Dad was from the heartland, and we lived there, too. He grew up on a farm, and even though he eventually went to school and work in the city, he always had a huge vegetable garden. It wasn’t too fancy by today’s standards, but we had all the basics. The garden was strangely ark-like; there were two kinds of lettuce, two kinds of squash, two kinds of beans, etc. We also had two kinds of apples: wormy macintoshes and wormy yellow delicious.
Summer mornings were spent picking, washing, weighing and delivering tomatoes and squash for sale to all the neighbors. I lined up the tomatoes by size to dry on the patio before packaging them in paper lunch bags. I weighed the tomatoes on an old baby scale, decorated with blocks and a stork. It was not legal for trade, but nobody turned me in to the authorities. As I recall, I did not collect or turn in any sales tax either.
Summer evenings were spent on the porch shelling lima beans or cutting worms out of fruit.
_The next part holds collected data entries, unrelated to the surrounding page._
(* Let $n\ge1$, $d\ge0$, and let $A\subseteq\mathbb{F}_3^n$ be such that there are no $a,b,c\in A$ with $b\neq c$ and $a+b+c=0$. Let $P\in\mathbb{F}_3[x_1,\dots,x_n]$ be a polynomial of total degree at most $d$, with every variable occurring with exponent at most $2$, such that $P(x)=0$ for all $x\in\mathbb{F}_3^n\setminus A$. Then the number of $a\in A$ with $P(a)\neq0$ is at most $2\,|M(n,\lfloor d/2\rfloor)|$.
   Context: $\mathbb{F}_3$ is the field of integers modulo $3$. For integers $n\ge1$ and $e\ge 0$, $M(n,e)$ denotes the set of monomials $x_1^{\alpha_1}\cdots x_n^{\alpha_n}$ with $0\le\alpha_i\le2$ for all $i$ and $\alpha_1+\dots+\alpha_n\le e$; thus $|M(n,e)|=\sum_{i=0}^{e}\binom{n}{i}_2$, where $\binom{n}{i}_2$ is the coefficient of $x^i$ in $(1+x+x^2)^n$. *)

theory Defs
  imports Main "HOL-Library.Numeral_Type"
begin

text \<open>F_3 is the type 3 (integers mod 3). A point of F_3^n is a function
nat => 3 vanishing outside {0..<n}.\<close>

definition F3vecs :: "nat \<Rightarrow> (nat \<Rightarrow> 3) set" where
  "F3vecs n = {x. \<forall>i\<ge>n. x i = 0}"

definition M :: "nat \<Rightarrow> nat \<Rightarrow> (nat \<Rightarrow> nat) set" where
  "M n e = {\<alpha>. (\<forall>i<n. \<alpha> i \<le> 2) \<and> (\<forall>i\<ge>n. \<alpha> i = 0) \<and> (\<Sum>i<n. \<alpha> i) \<le> e}"

text \<open>A polynomial of total degree at most d with every exponent at most 2 is
given by its coefficients c on the monomials M n d; its evaluation at x:\<close>

definition poly_eval :: "nat \<Rightarrow> nat \<Rightarrow> ((nat \<Rightarrow> nat) \<Rightarrow> 3) \<Rightarrow> (nat \<Rightarrow> 3) \<Rightarrow> 3" where
  "poly_eval n d c x = (\<Sum>\<alpha>\<in>M n d. c \<alpha> * (\<Prod>i<n. x i ^ \<alpha> i))"

end

theory Submission
  imports Defs "HOL-Library.FuncSet" "HOL-Library.Function_Algebras"
begin

text \<open>Let S be the set of points of A where P does not vanish, and consider the
matrix T(x, y) = P(-(x + y)) on S \<times> S. For x \<noteq> y the point -(x + y) lies outside A
(otherwise -(x + y), x, y would be a forbidden triple), so T is diagonal, and its
diagonal entries P(-2y) = P(y) are nonzero. Expanding P(-(x + y)) gives monomials
x^\<alpha> y^\<beta> with deg \<alpha> + deg \<beta> \<le> d, so deg \<alpha> \<le> d div 2 or deg \<beta> \<le> d div 2; grouping
the terms accordingly writes T as a sum of 2 |M(n, d div 2)| products f(x) g(y).
A diagonal matrix with invertible diagonal has rank |S|, which gives the bound. The
rank bound is proved by counting: v \<mapsto> (\<Sum>x. v(x) f_i(x))_i is injective on functions S \<rightarrow> F_3.\<close>

lemma card_le_of_unit_diagonal_factorization:
  fixes T :: "'x \<Rightarrow> 'x \<Rightarrow> 'a::{finite, comm_semiring_1}"
  assumes "finite S" "finite I"
    and factor: "\<And>x y. x \<in> S \<Longrightarrow> y \<in> S \<Longrightarrow> T x y = (\<Sum>i\<in>I. f i x * g i y)"
    and off_diagonal: "\<And>x y. x \<in> S \<Longrightarrow> y \<in> S \<Longrightarrow> x \<noteq> y \<Longrightarrow> T x y = 0"
    and diagonal: "\<And>y. y \<in> S \<Longrightarrow> T y y dvd 1"
  shows "card S \<le> card I"
proof -
  define \<Phi> where "\<Phi> v = restrict (\<lambda>i. \<Sum>x\<in>S. v x * f i x) I" for v :: "'x \<Rightarrow> 'a"
  have contract: "v y * T y y = (\<Sum>i\<in>I. \<Phi> v i * g i y)" if "y \<in> S" for v y
  proof -
    have "v y * T y y = (\<Sum>x\<in>S. v x * T x y)"
      using \<open>finite S\<close> that off_diagonal by (simp add: sum.remove)
    also have "\<dots> = (\<Sum>i\<in>I. (\<Sum>x\<in>S. v x * f i x) * g i y)"
      using that by (simp add: factor sum_distrib_left sum_distrib_right mult.assoc sum.swap[of _ I])
    finally show ?thesis by (simp add: \<Phi>_def)
  qed
  have "inj_on \<Phi> (S \<rightarrow>\<^sub>E UNIV)"
  proof (rule inj_onI)
    fix v w assume v: "v \<in> S \<rightarrow>\<^sub>E UNIV" and w: "w \<in> S \<rightarrow>\<^sub>E UNIV" and "\<Phi> v = \<Phi> w"
    have "v y = w y" if y: "y \<in> S" for y
    proof -
      obtain t where t: "1 = T y y * t" using diagonal[OF y] by (elim dvdE)
      have "v y * T y y = w y * T y y" using contract[OF y] \<open>\<Phi> v = \<Phi> w\<close> by simp
      then have "v y * T y y * t = w y * T y y * t" by simp
      then show ?thesis by (simp add: mult.assoc flip: t)
    qed
    then show "v = w" using PiE_ext[OF v w] by blast
  qed
  moreover have "\<Phi> ` (S \<rightarrow>\<^sub>E UNIV) \<subseteq> I \<rightarrow>\<^sub>E UNIV" by (auto simp: \<Phi>_def)
  ultimately have "card (S \<rightarrow>\<^sub>E (UNIV :: 'a set)) \<le> card (I \<rightarrow>\<^sub>E (UNIV :: 'a set))"
    using \<open>finite I\<close> by (intro card_inj_on_le) (auto intro: finite_PiE)
  then have "CARD('a) ^ card S \<le> CARD('a) ^ card I"
    using assms(1,2) by (simp add: card_PiE)
  moreover have "1 < CARD('a)"
    using card_mono[of UNIV "{0, 1 :: 'a}"] by simp
  ultimately show ?thesis using power_le_imp_le_exp by blast
qed

lemma exhaust_3: "(u::3) = 0 \<or> u = 1 \<or> u = 2"
proof -
  have "{0, 1, 2 :: 3} = UNIV" by (rule card_subset_eq) (auto simp: card_insert_if)
  then show ?thesis by auto
qed

lemma dvd_one_3: "(u::3) \<noteq> 0 \<Longrightarrow> u dvd 1"
proof -
  assume "u \<noteq> 0"
  then have "u * u = 1" using exhaust_3[of u] by auto
  then show ?thesis by (metis dvd_triv_left)
qed

lemma neg_add_self_3: "-((u::3) + u) = u"
  using exhaust_3[of u] by auto

lemma finite_F3vecs: "finite (F3vecs n)"
proof -
  have "F3vecs n = {x. \<forall>i. (i \<in> {..<n} \<longrightarrow> x i \<in> UNIV) \<and> (i \<notin> {..<n} \<longrightarrow> x i = 0)}"
    by (auto simp: F3vecs_def)
  then show ?thesis
    using finite_set_of_finite_funs[of "{..<n}" "UNIV :: 3 set" 0] by simp
qed

lemma finite_M: "finite (M n d)"
proof -
  have "M n d \<subseteq> {\<alpha>. \<forall>i. (i \<in> {..<n} \<longrightarrow> \<alpha> i \<in> {..2}) \<and> (i \<notin> {..<n} \<longrightarrow> \<alpha> i = 0)}"
    by (auto simp: M_def)
  then show ?thesis
    by (rule finite_subset) (intro finite_set_of_finite_funs; simp)
qed

lemma M_downward_closed: "\<beta> \<le> \<gamma> \<Longrightarrow> \<gamma> \<in> M n d \<Longrightarrow> \<beta> \<in> M n d"
  unfolding M_def le_fun_def
  by (auto intro: order_trans sum_mono order.trans[OF sum_mono]) (metis le_zero_eq)

lemma M_add_half_degree:
  assumes "\<alpha> + \<beta> \<in> M n d"
  shows "\<alpha> \<in> M n (d div 2) \<or> \<beta> \<in> M n (d div 2)"
proof -
  have "(\<Sum>i<n. \<alpha> i) + (\<Sum>i<n. \<beta> i) \<le> d"
    using assms by (simp add: M_def sum.distrib)
  then have "(\<Sum>i<n. \<alpha> i) \<le> d div 2 \<or> (\<Sum>i<n. \<beta> i) \<le> d div 2"
    by linarith
  moreover have "\<alpha> \<in> M n d" "\<beta> \<in> M n d"
    using M_downward_closed[OF _ assms] by (simp_all add: le_fun_def)
  ultimately show ?thesis by (auto simp: M_def)
qed

definition monomial :: "nat \<Rightarrow> (nat \<Rightarrow> nat) \<Rightarrow> (nat \<Rightarrow> 'a::comm_monoid_mult) \<Rightarrow> 'a" where
  "monomial n \<alpha> x = (\<Prod>i<n. x i ^ \<alpha> i)"

definition neg_binomial_coeff :: "nat \<Rightarrow> (nat \<Rightarrow> nat) \<Rightarrow> (nat \<Rightarrow> nat) \<Rightarrow> 'a::comm_ring_1" where
  "neg_binomial_coeff n \<gamma> \<beta> = (\<Prod>i<n. of_nat (\<gamma> i choose \<beta> i) * (-1) ^ \<gamma> i)"

lemma neg_add_power:
  fixes u v :: "'a::comm_ring_1"
  shows "(-(u + v)) ^ k = (\<Sum>j\<le>k. of_nat (k choose j) * (-1) ^ k * u ^ (k - j) * v ^ j)"
proof -
  have "(-(u + v)) ^ k = (-1) ^ k * (v + u) ^ k"
    by (simp flip: power_mult_distrib add: add.commute)
  also have "\<dots> = (\<Sum>j\<le>k. of_nat (k choose j) * (-1) ^ k * u ^ (k - j) * v ^ j)"
    unfolding binomial_ring[of v u] by (simp add: sum_distrib_left algebra_simps)
  finally show ?thesis .
qed

lemma sum_le_fun_eq_sum_PiE:
  fixes \<gamma> :: "nat \<Rightarrow> nat"
  assumes "\<forall>i\<ge>n. \<gamma> i = 0"
  shows "(\<Sum>\<beta>\<in>{\<beta>. \<beta> \<le> \<gamma>}. F (restrict \<beta> {..<n})) = (\<Sum>h\<in>PiE {..<n} (\<lambda>i. {..\<gamma> i}). F h)"
  using assms
  by (intro sum.reindex_bij_witness[of _ "\<lambda>h i. if i < n then h i else 0" "\<lambda>\<beta>. restrict \<beta> {..<n}"])
     (auto simp: le_fun_def fun_eq_iff PiE_def extensional_def, metis le_zero_eq not_less)

lemma monomial_neg_add:
  fixes x y :: "nat \<Rightarrow> 'a::comm_ring_1"
  assumes "\<forall>i\<ge>n. \<gamma> i = 0"
  shows "monomial n \<gamma> (\<lambda>i. -(x i + y i))
    = (\<Sum>\<beta>\<in>{\<beta>. \<beta> \<le> \<gamma>}. neg_binomial_coeff n \<gamma> \<beta> * monomial n (\<gamma> - \<beta>) x * monomial n \<beta> y)"
proof -
  have "monomial n \<gamma> (\<lambda>i. -(x i + y i))
      = (\<Prod>i<n. \<Sum>j\<le>\<gamma> i. of_nat (\<gamma> i choose j) * (-1) ^ \<gamma> i * x i ^ (\<gamma> i - j) * y i ^ j)"
    unfolding monomial_def by (rule prod.cong[OF refl neg_add_power])
  also have "\<dots> = (\<Sum>h\<in>PiE {..<n} (\<lambda>i. {..\<gamma> i}).
      \<Prod>i<n. of_nat (\<gamma> i choose h i) * (-1) ^ \<gamma> i * x i ^ (\<gamma> i - h i) * y i ^ h i)"
    by (simp add: prod_sum_PiE)
  also have "\<dots> = (\<Sum>\<beta>\<in>{\<beta>. \<beta> \<le> \<gamma>}.
      \<Prod>i<n. of_nat (\<gamma> i choose \<beta> i) * (-1) ^ \<gamma> i * x i ^ (\<gamma> i - \<beta> i) * y i ^ \<beta> i)"
    using sum_le_fun_eq_sum_PiE[OF assms, where F = "\<lambda>h.
      \<Prod>i<n. of_nat (\<gamma> i choose h i) * (-1) ^ \<gamma> i * x i ^ (\<gamma> i - h i) * y i ^ h i"] by simp
  also have "\<dots> = (\<Sum>\<beta>\<in>{\<beta>. \<beta> \<le> \<gamma>}. neg_binomial_coeff n \<gamma> \<beta> * monomial n (\<gamma> - \<beta>) x * monomial n \<beta> y)"
    by (simp add: neg_binomial_coeff_def monomial_def prod.distrib)
  finally show ?thesis .
qed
Mom made peach and strawberry jam and several batches of grape jelly, and they were lined up in a large red cabinet in the basement, all topped with slabs of creamy white wax. Every year Dad put up a huge ice-cream tub full of sweetened apple sauce that nobody else would eat because of all the “worm juice”. It disappeared into the freezer and I am not sure what happened to it after that.
We lived near a woods that we explored and caught craw-dads. During a thunderstorm, a big old tree was struck by lightening and fell over the creek, simultaneously shortening our travel time to the other side considerably, and revealing a secret and extensive honey stash. Well, you’d think that Dad and discovered El Dorado, and soon we had a pot of honey on the kitchen table.
I was endlessly entertained by Dad’s stories on the farm, especially when he grossed everyone else out at the dinner table with his hog-butchering stories. It really helped if we were eating pork steaks or bacon. And this was often, as most food that wasn’t boiled was cooked in bacon fat. I am not sure how many containers of bacon fat we had in the back of the fridge, but the selection was extensive.
Except for summertime, our other food came from the suburban supermarket. The butter came in a plastic tub, the fish was square, the round steak was flat and the corn, sprouting what looked like a serious case of periodontal disease, was stripped and lobotomized on both ends and placed under plastic wrap. Nobody ever called it sweet corn. I learned that it was supposed to be sweet only after I moved to New York.